Obit: Hart, Mira
Contact: Crystal Wendt
Surnames: Hart, Longenecker, Knight, Caswell, Richmond, Gotham
----Sources: Neillsville Press (Neillsville, Clark County, Wis.) 20 June 1935
Hart, Mira (29 June 1847 - June 1935)
Tuesday afternoon Rev. and Mrs. G. W. Longenecker received a telegram from Mrs. Henry Knight at Blissfield, Mich., stating that her aunt, Mrs. George Hart, has passed away.
The body will be brought here for burial, and it is planned to hold the funeral at the Congregational church Thursday afternoon.
Mrs. Hart was a long resident of this city. A more complete obituary will be published next week.

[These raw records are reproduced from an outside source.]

lemma ground_point_below_block:
  assumes zl: "z < l" and x: "x \<in> omega_block z"
  obtains n where "le (ozero, ord_of_nat n) (g, x)"
proof -
  have "(g, x) \<in> Y l g" using block_less[OF zl x] unfolding Y_def by blast
  then have "infinite {s \<in> level (Y l g) ozero. strict le s (g, x)}"
    using LCS_poset_infinite_below[OF LCS_Y] ozero_less_g by simp
  then obtain u where u: "u \<in> level (Y l g) ozero" "strict le u (g, x)"
    by (metis (no_types, lifting) empty_Collect_eq finite.emptyI)
  have uY: "u \<in> Y l g" and fu: "fst u = ozero" using u(1) unfolding level_def by auto
  have "fst u \<noteq> g" "fst u \<noteq> osucc g"
    using fu ozero_less_g order.strict_trans[OF ozero_less_g g_less_osucc] by auto
  then have "snd u < oomega" using uY unfolding Y_def by auto
  then obtain n where "snd u = ord_of_nat n"
    using ord_of_nat_range by (metis imageE mem_Collect_eq)
  then have "u = (ozero, ord_of_nat n)" using fu by (metis prod.collapse)
  then show ?thesis using that u(2) unfolding strict_def by blast
qed

lemma meet_of_tops_in_BS:
  assumes zl: "z < l" and wl: "w < l" and "z \<noteq> w" and v: "v \<in> i {(osucc g, z), (osucc g, w)}"
  shows "v \<in> BS g"
proof -
  have ne: "(osucc g, z) \<noteq> (osucc g, w)" using \<open>z \<noteq> w\<close> by simp
  have low: "le v (osucc g, z)" "le v (osucc g, w)"
    using LCS_poset_meet_lower[OF LCS_Y top_in_Y[OF zl] top_in_Y[OF wl] ne v] by auto
  have "v \<noteq> (osucc g, z)"
    using low(2) ne LCS_poset_strict_fst[OF LCS_Y, of "(osucc g, z)" "(osucc g, w)"] unfolding strict_def by auto
  moreover have "v \<noteq> (osucc g, w)"
    using low(1) ne LCS_poset_strict_fst[OF LCS_Y, of "(osucc g, w)" "(osucc g, z)"] unfolding strict_def by auto
  ultimately have strict: "strict le v (osucc g, z)" "strict le v (osucc g, w)"
    using low unfolding strict_def by auto
  have vY: "v \<in> Y l g" using LCS_poset_mem[OF LCS_Y low(1)] by blast
  have "fst v < osucc g" using LCS_poset_strict_fst[OF LCS_Y strict(1)] by simp
  then have "fst v \<le> g" using less_osucc_imp_le[OF g_less_osucc] by blast
  moreover have "fst v \<noteq> g"
  proof
    assume fv: "fst v = g"
    then have "snd v < l" using vY g_less_osucc unfolding Y_def by auto
    then obtain z' where z': "z' < l" "snd v \<in> omega_block z'" using blocks_cover by blast
    have veq: "v = (g, snd v)" using fv by (metis prod.collapse)
    have "z = z'" using block_not_below_other_top[OF z'] strict(1) veq by metis
    moreover have "w = z'" using block_not_below_other_top[OF z'] strict(2) veq by metis
    ultimately show False using \<open>z \<noteq> w\<close> by simp
  qed
  ultimately have "fst v < g" by simp
  then show ?thesis using vY g_less_osucc unfolding Y_def BS_def by auto
qed

definition trace :: "'o \<Rightarrow> nat set" where
  "trace z = {n. le (ozero, ord_of_nat n) (osucc g, z)}"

----Sources: Neillsville Press (Neillsville, Clark County, Wis.) 27 June 1935
Mira Caswell was born June 29, 1847, at St. Lawrence, Jefferson County, New York. After finishing school she taught for a number of years until she was married in September, 1875, to George J. Hart, an old school mate. Mr. Hart had come to Neillsville several years before and returned to New York for her. Their entire married life was spent in Neillsville, Wis.
Mr. Hart was the first telegraph operator in Neillsville before the railroad came, and Mrs. Hart assisted him and became able to take and send messages. Later Mr. Hart ran a grocery store and then for twenty-eight years had charge of the express office, and always Mrs. Hart was his cheerful and able assistant.
In spite of caring for her home and helping her husband in his work, Mrs. Hart always had time for helping in anything she considered for the good of the community. She was a charter member of the Congregational Church and that always held the first place in her heart, but she also had time to be an active member of the W. C. T. U., the missionary society, and to take part in social gatherings of her friends.
Having no children of her own, Mrs. Hart was interested in all children. She taught the primary class in Sunday school for so many years that in many cases she taught the children of her earlier pupils. She always took a keen personal interest in the after lives of all her pupils and was always especially pleased when they wrote to her or came to see her.
For years Mrs. Hart took it upon herself to go to the church before any services Sunday or week day and see that all the books were in their proper places and do any last dusting that might be needed. Unless she was out of town she was always in her per at every church service. She frequently said, "I always ask myself, what kind of church would my church be, if every member were just like me?" So much was she a part of the church life that the remark was frequently made, "If Mrs. Hart ever leaves, the church will die." She herself scoffed at such an idea, and nothing pleased her more in her visits back here than to find that others had taken her place and the church work was still going on without her.
After Mr. Hart’s death in December, 1919, Mrs. Hart filled her house with school girls who she loved and mothered. Each year she was sure she had the nicest bunch of girls in town, and she often said how much she enjoyed watching them gather about the long table at night with their books.
For ten years Mrs. Hart’s mother-less niece, Carrie Gotham, lived with her. On July 10, 1931, Mrs. Hart gave up he home in Neillsville and went to Blissfield, Mich., to live with Carrie, now Mrs. Harry Knight, who had always been like a daughter to her.
In 1932 and 1934 Mrs. Hart came back to the old home town to spend most of the summer and was happy in seeing again her old friends and sitting in her pew at church.
During most of her life, Mrs. Hart enjoyed exceptionally good health. During the past winger she did not have a cold and did not miss a Sunday at church. About a week before her death she seemed to have a cold, but she insisted it was nothing and she would soon be over it. On Sunday she stayed home from church and in the afternoon consented to calling a doctor. The doctor said her lungs were badly congested and she had better stay in bed which she did on Monday. She insisted she did not have an ache or a pain, but she coughed badly. Sometime early Tuesday morning she passed peacefully away in her sleep. Mr. and Mrs. Harry Knight bought the body to Neillsville to be placed beside that of Mr. Hart. The funeral was held on Thursday afternoon at the Congregational Church, conducted by her pastor, Rev. G. W. Longenecker.
Besides her niece, Mrs. Harry Knight, Mrs. Hart leaves a brother, J. H. Caswell, a nephew, William Caswell, a niece, Mrs. Florence Richmond, all of Cleveland, O., a niece, Miss Edith Caswell of Detroit, Mich.; a nephew, Bert Hart of Cortland, Calif.; a great nephew and niece, and three great-great nieces.